— RECORDED DATA —
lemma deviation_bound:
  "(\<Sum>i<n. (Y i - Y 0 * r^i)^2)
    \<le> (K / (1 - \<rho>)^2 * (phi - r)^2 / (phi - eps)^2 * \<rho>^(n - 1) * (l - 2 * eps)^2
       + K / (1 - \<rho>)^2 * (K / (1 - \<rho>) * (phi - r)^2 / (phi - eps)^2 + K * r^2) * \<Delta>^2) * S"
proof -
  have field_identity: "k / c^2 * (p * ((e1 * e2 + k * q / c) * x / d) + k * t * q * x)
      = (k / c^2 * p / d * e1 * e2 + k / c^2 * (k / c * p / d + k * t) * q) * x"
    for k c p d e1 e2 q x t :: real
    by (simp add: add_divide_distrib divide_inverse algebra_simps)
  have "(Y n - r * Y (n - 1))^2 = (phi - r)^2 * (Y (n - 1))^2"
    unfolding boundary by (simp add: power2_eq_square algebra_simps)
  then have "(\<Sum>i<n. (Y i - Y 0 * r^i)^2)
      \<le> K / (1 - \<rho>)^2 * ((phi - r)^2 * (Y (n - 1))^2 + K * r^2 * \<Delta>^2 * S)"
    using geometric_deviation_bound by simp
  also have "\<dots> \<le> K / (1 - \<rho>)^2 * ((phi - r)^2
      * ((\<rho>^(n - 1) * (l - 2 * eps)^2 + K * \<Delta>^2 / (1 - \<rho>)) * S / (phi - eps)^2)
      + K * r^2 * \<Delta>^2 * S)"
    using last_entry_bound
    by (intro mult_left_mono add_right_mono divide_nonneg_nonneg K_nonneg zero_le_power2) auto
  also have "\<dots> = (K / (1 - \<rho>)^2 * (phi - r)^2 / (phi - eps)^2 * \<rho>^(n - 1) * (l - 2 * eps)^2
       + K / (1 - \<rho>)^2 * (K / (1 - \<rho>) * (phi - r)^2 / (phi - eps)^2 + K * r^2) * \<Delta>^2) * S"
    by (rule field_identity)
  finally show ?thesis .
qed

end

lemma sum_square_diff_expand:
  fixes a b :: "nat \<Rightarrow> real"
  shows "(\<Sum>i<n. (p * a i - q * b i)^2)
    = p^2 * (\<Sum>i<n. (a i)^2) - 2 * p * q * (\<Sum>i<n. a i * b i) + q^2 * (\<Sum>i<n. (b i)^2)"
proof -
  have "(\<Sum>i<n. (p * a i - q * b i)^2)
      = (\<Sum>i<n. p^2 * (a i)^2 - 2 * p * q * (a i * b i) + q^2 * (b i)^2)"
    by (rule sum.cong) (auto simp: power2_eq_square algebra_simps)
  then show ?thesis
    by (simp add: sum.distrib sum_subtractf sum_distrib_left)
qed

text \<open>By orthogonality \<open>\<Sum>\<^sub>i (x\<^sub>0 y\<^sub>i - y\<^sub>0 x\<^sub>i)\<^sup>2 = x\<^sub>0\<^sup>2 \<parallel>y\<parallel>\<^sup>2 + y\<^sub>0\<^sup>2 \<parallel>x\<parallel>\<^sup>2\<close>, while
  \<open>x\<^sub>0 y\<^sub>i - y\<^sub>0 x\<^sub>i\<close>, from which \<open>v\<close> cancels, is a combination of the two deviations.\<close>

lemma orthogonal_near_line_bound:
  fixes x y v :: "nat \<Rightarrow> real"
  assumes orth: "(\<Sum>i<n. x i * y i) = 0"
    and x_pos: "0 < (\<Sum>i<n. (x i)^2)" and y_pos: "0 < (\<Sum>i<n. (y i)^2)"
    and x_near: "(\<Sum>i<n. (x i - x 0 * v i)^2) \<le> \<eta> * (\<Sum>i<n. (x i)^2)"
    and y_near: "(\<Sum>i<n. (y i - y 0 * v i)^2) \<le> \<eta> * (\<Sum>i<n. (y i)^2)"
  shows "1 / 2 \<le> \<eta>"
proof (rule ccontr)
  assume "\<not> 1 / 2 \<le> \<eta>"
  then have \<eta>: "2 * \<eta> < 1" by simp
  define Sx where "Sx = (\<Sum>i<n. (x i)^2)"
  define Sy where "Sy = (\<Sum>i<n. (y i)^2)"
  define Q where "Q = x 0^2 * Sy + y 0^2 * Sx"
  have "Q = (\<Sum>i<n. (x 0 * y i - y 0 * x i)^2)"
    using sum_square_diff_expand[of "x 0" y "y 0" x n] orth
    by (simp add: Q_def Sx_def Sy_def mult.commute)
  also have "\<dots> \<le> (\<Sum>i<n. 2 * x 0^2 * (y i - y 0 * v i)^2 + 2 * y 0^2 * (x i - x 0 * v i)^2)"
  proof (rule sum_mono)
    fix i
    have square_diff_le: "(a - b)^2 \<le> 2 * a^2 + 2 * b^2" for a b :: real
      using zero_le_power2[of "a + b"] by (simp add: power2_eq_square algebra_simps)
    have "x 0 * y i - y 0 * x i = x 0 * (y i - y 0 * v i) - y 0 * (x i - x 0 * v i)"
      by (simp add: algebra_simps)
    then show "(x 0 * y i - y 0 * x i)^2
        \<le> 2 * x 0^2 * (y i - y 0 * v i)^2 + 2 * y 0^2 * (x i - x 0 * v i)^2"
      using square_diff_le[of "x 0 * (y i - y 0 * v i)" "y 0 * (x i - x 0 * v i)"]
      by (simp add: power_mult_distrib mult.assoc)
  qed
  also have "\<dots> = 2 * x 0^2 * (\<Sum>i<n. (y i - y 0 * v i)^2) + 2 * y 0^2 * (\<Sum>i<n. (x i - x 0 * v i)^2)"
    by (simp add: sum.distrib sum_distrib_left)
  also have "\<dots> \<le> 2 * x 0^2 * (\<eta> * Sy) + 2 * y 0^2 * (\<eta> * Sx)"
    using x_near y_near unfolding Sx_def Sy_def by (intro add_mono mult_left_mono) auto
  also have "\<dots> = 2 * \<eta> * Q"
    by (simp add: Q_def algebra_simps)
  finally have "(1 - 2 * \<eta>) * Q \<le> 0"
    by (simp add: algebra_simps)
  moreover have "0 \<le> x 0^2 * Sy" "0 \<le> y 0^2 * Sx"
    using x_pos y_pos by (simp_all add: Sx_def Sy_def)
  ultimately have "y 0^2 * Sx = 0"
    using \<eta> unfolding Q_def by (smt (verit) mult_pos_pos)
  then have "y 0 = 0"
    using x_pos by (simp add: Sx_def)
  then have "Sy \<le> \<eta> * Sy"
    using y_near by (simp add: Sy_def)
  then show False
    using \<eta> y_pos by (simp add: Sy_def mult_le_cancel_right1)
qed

— TRY IT —
How many lines of the entries above include the word "auto"? Answer with the number only.

— ANSWER TO THIS EXERCISE —
3